Segal (+6%) is a human resources consulting firm that touts its strong team of 150+ actuarial professionals. The firm provides “a broad range of consulting in addition to actuarial [services], including health benefits, human resources, compensation, organizational effectiveness, technology, investment, communications and specialty insurance to name some others.”

This report cannot explore all of the details of this fascinating industry. However, TBG’s clients receive significant research support during the early, industry-screening phases of their career change campaigns, as well as more detailed analysis as they approach critical interviews with target companies.

IU-HR-Chart 6-Top Locations for HR Executives

HR executives are also well distributed geographically (Chart 6) with London and New York vying for the most (each rounding to about 3,000 execs).
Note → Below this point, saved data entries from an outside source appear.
text \<open>For \<open>P = 1 - \<mu>K\<close> and \<open>C = 1 - \<mu>K\<^sub>Q - G\<close> this is \<open>\<lambda>Pv = (P - C)v\<close>,
  satisfied by every eigenpair of \<open>1 - P\<^sup>-\<^sup>1C\<close>.\<close>

lemma eigen_equation_of_splitting:
  fixes K KQ G Pi :: "'a :: field mat"
  assumes carrier: "K \<in> carrier_mat n n" "KQ \<in> carrier_mat n n" "G \<in> carrier_mat n n" "Pi \<in> carrier_mat n n"
    and inverse: "(1\<^sub>m n - \<mu> \<cdot>\<^sub>m K) * Pi = 1\<^sub>m n"
    and v: "v \<in> carrier_vec n"
    and eig: "(1\<^sub>m n - Pi * (1\<^sub>m n - \<mu> \<cdot>\<^sub>m KQ - G)) *\<^sub>v v = lam \<cdot>\<^sub>v v"
  shows "lam \<cdot>\<^sub>v v = G *\<^sub>v v + \<mu> \<cdot>\<^sub>v ((KQ - K) *\<^sub>v v) + (lam * \<mu>) \<cdot>\<^sub>v (K *\<^sub>v v)"
proof -
  define P where "P = 1\<^sub>m n - \<mu> \<cdot>\<^sub>m K"
  define C where "C = 1\<^sub>m n - \<mu> \<cdot>\<^sub>m KQ - G"
  have P: "P \<in> carrier_mat n n" and C: "C \<in> carrier_mat n n"
    using carrier by (auto simp: P_def C_def)
  have P_alt: "P = 1\<^sub>m n + (- \<mu>) \<cdot>\<^sub>m K" and PC_alt: "P - C = G + \<mu> \<cdot>\<^sub>m (KQ - K)"
    using carrier by (auto simp: P_def C_def right_diff_distrib intro!: eq_matI)
  have "P * (1\<^sub>m n - Pi * C) = P * 1\<^sub>m n - P * (Pi * C)"
    using P C carrier(4) by (intro mult_minus_distrib_mat) auto
  also have "P * (Pi * C) = C"
    using P C carrier(4) inverse[folded P_def] by (simp add: assoc_mult_mat[symmetric, of P n n Pi n C n])
  finally have PT: "P * (1\<^sub>m n - Pi * C) = P - C"
    using P by simp
  have "(P - C) *\<^sub>v v = P *\<^sub>v ((1\<^sub>m n - Pi * C) *\<^sub>v v)"
    unfolding PT[symmetric] using P C carrier(4) v by (intro assoc_mult_mat_vec) auto
  also have "\<dots> = lam \<cdot>\<^sub>v (P *\<^sub>v v)"
    using P v eig[folded P_def C_def] by (simp add: mult_mat_vec)
  finally have vec_eq: "G *\<^sub>v v + \<mu> \<cdot>\<^sub>v ((KQ - K) *\<^sub>v v) = lam \<cdot>\<^sub>v (v + (- \<mu>) \<cdot>\<^sub>v (K *\<^sub>v v))"
    using mult_mat_vec_add_smult[of G n n "KQ - K" v \<mu>] mult_mat_vec_add_smult[of "1\<^sub>m n" n n K v "- \<mu>"]
      carrier v minus_carrier_mat[OF carrier(1), of KQ] by (simp add: PC_alt[symmetric] P_alt[symmetric])
  have "(G *\<^sub>v v) $ i + \<mu> * ((KQ - K) *\<^sub>v v) $ i = lam * (v $ i - \<mu> * (K *\<^sub>v v) $ i)"
    if "i < n" for i
    using arg_cong[OF vec_eq, where f = "\<lambda>w. w $ i"] that carrier v by simp
  then have "lam * v $ i = (G *\<^sub>v v) $ i + \<mu> * ((KQ - K) *\<^sub>v v) $ i + lam * \<mu> * (K *\<^sub>v v) $ i"
    if "i < n" for i
    using that by (simp add: algebra_simps)
  then show ?thesis
    using carrier v by (intro eq_vecI) auto
qed

lemma spectral_radius_splitting_le:
  fixes K KQ G Pi :: "complex mat" and blk :: "nat \<Rightarrow> nat"
  assumes carrier: "K \<in> carrier_mat n n" "KQ \<in> carrier_mat n n" "G \<in> carrier_mat n n" "Pi \<in> carrier_mat n n"
    and "0 < n" and "0 \<le> \<mu>" and small: "\<mu> * entry_norm1 K \<le> 1/2"
    and inverse: "(1\<^sub>m n - of_real \<mu> \<cdot>\<^sub>m K) * Pi = 1\<^sub>m n"
    and G_blk: "block_strictly_lower blk G" and KQ_blk: "block_lower blk KQ" and K_blk: "block_lower blk K"
  shows "spectral_radius (1\<^sub>m n - Pi * (1\<^sub>m n - of_real \<mu> \<cdot>\<^sub>m KQ - G)) \<le> 2 * \<mu> * entry_norm1 (KQ - K)"
proof -
  let ?T = "1\<^sub>m n - Pi * (1\<^sub>m n - of_real \<mu> \<cdot>\<^sub>m KQ - G)"
  have T: "?T \<in> carrier_mat n n"
    using carrier by auto
  obtain lam where radius: "spectral_radius ?T = cmod lam" and "eigenvalue ?T lam"
    using spectral_radius_mem_max(1)[OF T \<open>0 < n\<close>] unfolding spectrum_def by auto
  then obtain v where v: "v \<in> carrier_vec n" "v \<noteq> 0\<^sub>v n" and T_eig: "?T *\<^sub>v v = lam \<cdot>\<^sub>v v"
    unfolding eigenvalue_def eigenvector_def using T by auto
  have eig: "lam \<cdot>\<^sub>v v = G *\<^sub>v v + of_real \<mu> \<cdot>\<^sub>v ((KQ - K) *\<^sub>v v) + (lam * of_real \<mu>) \<cdot>\<^sub>v (K *\<^sub>v v)"
    by (rule eigen_equation_of_splitting[OF carrier inverse v(1) T_eig])
  have "cmod lam \<le> \<mu> * entry_norm1 (KQ - K) + cmod lam * \<mu> * entry_norm1 K"
    by (rule eigenvalue_bound_block_lower_triangular[OF carrier(3) minus_carrier_mat[OF carrier(1)] carrier(1)
          v \<open>0 \<le> \<mu>\<close> G_blk block_lower_minus[OF carrier(2,1) KQ_blk K_blk] K_blk eig])
  also have "cmod lam * \<mu> * entry_norm1 K \<le> cmod lam / 2"
    using mult_left_mono[OF small norm_ge_zero[of lam]] by (simp add: mult.assoc)
  finally show ?thesis
    using radius by simp
qed

lemma spectral_radius_T_S_le:
  assumes "0 < L" "0 < M" "0 < N" and QD: "QD \<in> carrier_mat M M" and A: "A \<in> carrier_mat N N"
    and "0 \<le> \<mu>" and small: "\<mu> * entry_norm1 (diag_kron L QD A) \<le> 1/2"
    and inv: "invertible_mat (P_hat L M N QD A \<mu>)"
  shows "spectral_radius (T_S L M N \<tau> QD A \<mu>)
           \<le> 2 * \<mu> * entry_norm1 (diag_kron L (coll_Q M \<tau>) A - diag_kron L QD A)"
proof -
  define n where "n = L*M*N"
  define H where "H = kron (N_mat M) (1\<^sub>m N)"
  define G where "G = kron (E_mat L) H"
  define P where "P = P_hat L M N QD A \<mu>"
  have Q: "coll_Q M \<tau> \<in> carrier_mat M M"
    by (simp add: coll_Q_def)
  have H: "H \<in> carrier_mat (M*N) (M*N)"
    by (auto simp: H_def N_mat_def intro!: kron_carrier_mat)
  have carrier: "diag_kron L QD A \<in> carrier_mat n n" "diag_kron L (coll_Q M \<tau>) A \<in> carrier_mat n n"
    "G \<in> carrier_mat n n"
    using diag_kron_carrier_mat[OF QD A] diag_kron_carrier_mat[OF Q A] kron_carrier_mat[OF _ H, of "E_mat L" L L]
    by (auto simp: n_def G_def E_mat_def mult.assoc)
  have P_eq: "P = 1\<^sub>m n - of_real \<mu> \<cdot>\<^sub>m diag_kron L QD A"
    by (simp add: P_def P_hat_def diag_kron_def n_def)
  then have P: "P \<in> carrier_mat n n"
    using carrier(1) by (auto intro: minus_carrier_mat)
  have "P * the (mat_inverse P) = 1\<^sub>m n" and inverse_carrier: "the (mat_inverse P) \<in> carrier_mat n n"
    using the_mat_inverse[OF P inv[folded P_def]] by auto
  then have inverse: "(1\<^sub>m n - of_real \<mu> \<cdot>\<^sub>m diag_kron L QD A) * the (mat_inverse P) = 1\<^sub>m n"
    by (simp add: P_eq)
  have T_eq: "T_S L M N \<tau> QD A \<mu>
      = 1\<^sub>m n - the (mat_inverse P) * (1\<^sub>m n - of_real \<mu> \<cdot>\<^sub>m diag_kron L (coll_Q M \<tau>) A - G)"
    by (simp add: T_S_def C_mat_def P_def n_def diag_kron_def G_def H_def)
  have "0 < n"
    using assms(1-3) by (simp add: n_def)
  have "block_strictly_lower (\<lambda>i. i div (M*N)) G"
    unfolding G_def by (rule block_strictly_lower_kron_E_mat[OF H])
  then show ?thesis
    unfolding T_eq
    by (rule spectral_radius_splitting_le[OF carrier inverse_carrier \<open>0 < n\<close> \<open>0 \<le> \<mu>\<close> small inverse _
          block_lower_diag_kron[OF Q A] block_lower_diag_kron[OF QD A]])
qed

lemma le_powr_inverse_of_le_one:
  fixes x :: real
  assumes "0 < x" "x \<le> 1" "0 < L"
  shows "x \<le> x powr (1 / real L)"
proof -
  have "x powr 1 \<le> x powr (1 / real L)"
    by (rule powr_mono') (use assms in auto)
  then show ?thesis
    using \<open>0 < x\<close> by simp
qed

theorem lemma1:
  fixes L M N :: nat and \<tau> :: "nat \<Rightarrow> real" and QD :: "real mat" and A :: "complex mat"
  assumes "0 < L" and "0 < M" and "0 < N"
    and "gauss_radau_right M \<tau>"
    and "QD \<in> carrier_mat M M" and "\<forall>i j. i < j \<and> j < M \<longrightarrow> QD $$ (i,j) = 0"
    and "A \<in> carrier_mat N N"
  shows "\<exists>\<mu>s > 0. \<exists>c > 0. \<forall>\<mu>::real. 0 < \<mu> \<and> \<mu> < \<mu>s \<longrightarrow>
           invertible_mat (P_hat L M N QD A \<mu>) \<longrightarrow>
           spectral_radius (T_S L M N \<tau> QD A \<mu>) \<le> c * \<mu> powr (1 / real L)"
proof -
  define k where "k = entry_norm1 (diag_kron L QD A)"
  define r where "r = entry_norm1 (diag_kron L (coll_Q M \<tau>) A - diag_kron L QD A)"
  define \<mu>s where "\<mu>s = min 1 (1 / (2 * k + 1))"
  have "k \<ge> 0" "r \<ge> 0"
    by (simp_all add: k_def r_def entry_norm1_nonneg)
  have "spectral_radius (T_S L M N \<tau> QD A \<mu>) \<le> (2 * r + 1) * \<mu> powr (1 / real L)"
    if "0 < \<mu>" "\<mu> < \<mu>s" and inv: "invertible_mat (P_hat L M N QD A \<mu>)" for \<mu>
  proof -
    have "\<mu> * (2 * k + 1) < 1"
      using that \<open>k \<ge> 0\<close> by (simp add: \<mu>s_def field_simps)
    then have "\<mu> * k \<le> 1/2"
      using \<open>0 < \<mu>\<close> by (simp add: algebra_simps)
    then have "spectral_radius (T_S L M N \<tau> QD A \<mu>) \<le> 2 * r * \<mu>"
      using spectral_radius_T_S_le[OF assms(1-3,5,7) _ _ inv] \<open>0 < \<mu>\<close> by (simp add: k_def r_def ac_simps)
    also have "\<dots> \<le> (2 * r + 1) * \<mu> powr (1 / real L)"
      using le_powr_inverse_of_le_one[of \<mu> L] that \<open>0 < L\<close> \<open>r \<ge> 0\<close>
      by (intro mult_mono) (auto simp: \<mu>s_def)
    finally show ?thesis .
  qed
  moreover have "\<mu>s > 0" "2 * r + 1 > 0"
    using \<open>k \<ge> 0\<close> \<open>r \<ge> 0\<close> by (simp_all add: \<mu>s_def)
  ultimately show ?thesis
    by blast
qed

end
Certainly, the rates of growth are impressive as noted earlier in this update, but the forward-looking hiring demand data may be a more useful indicator of current and future trends. Take the UAE, for example, which grew by 25.9% in the past year but now reveals a low relative hiring demand. Paris might be the counter-example, with a “modest” 9.8% historical growth rate but a very high hiring demand. Bear in mind that a scarcity of qualified executives may also significantly affect the relative hiring demand parameter.

Peter Irish, Chairman
The Barrett Group

Click here for a printable version of INDUSTRY UPDATE: Human Resources, Feb 2024

Editor’s Note:

In this Update “executives” will generally refer to the Vice President, Senior Vice President, Chief Operating Officer, Chief Financial Officer, Managing Director, Chief Executive Officer, Chief Marketing Officer, Chief Information Officer, Managing Partner, General Counsel, Head, President and Director titles principally located in the US, Canada, Europe, the UK, and/or the Middle East. Unless otherwise noted, the data in this Update will largely come from LinkedIn and represent a snapshot of the market as it was at the time of the research. 

Is LinkedIn truly representative? Here’s a little data: LinkedIn has more than 1 billion users. (See source.) It is by far the largest and most robust business database in the world, now in its 20th year. LinkedIn Talent Insights data is derived by aggregating profile data voluntarily submitted by LinkedIn members. As such, LinkedIn cannot guarantee the accuracy of LinkedIn Talent Insights data.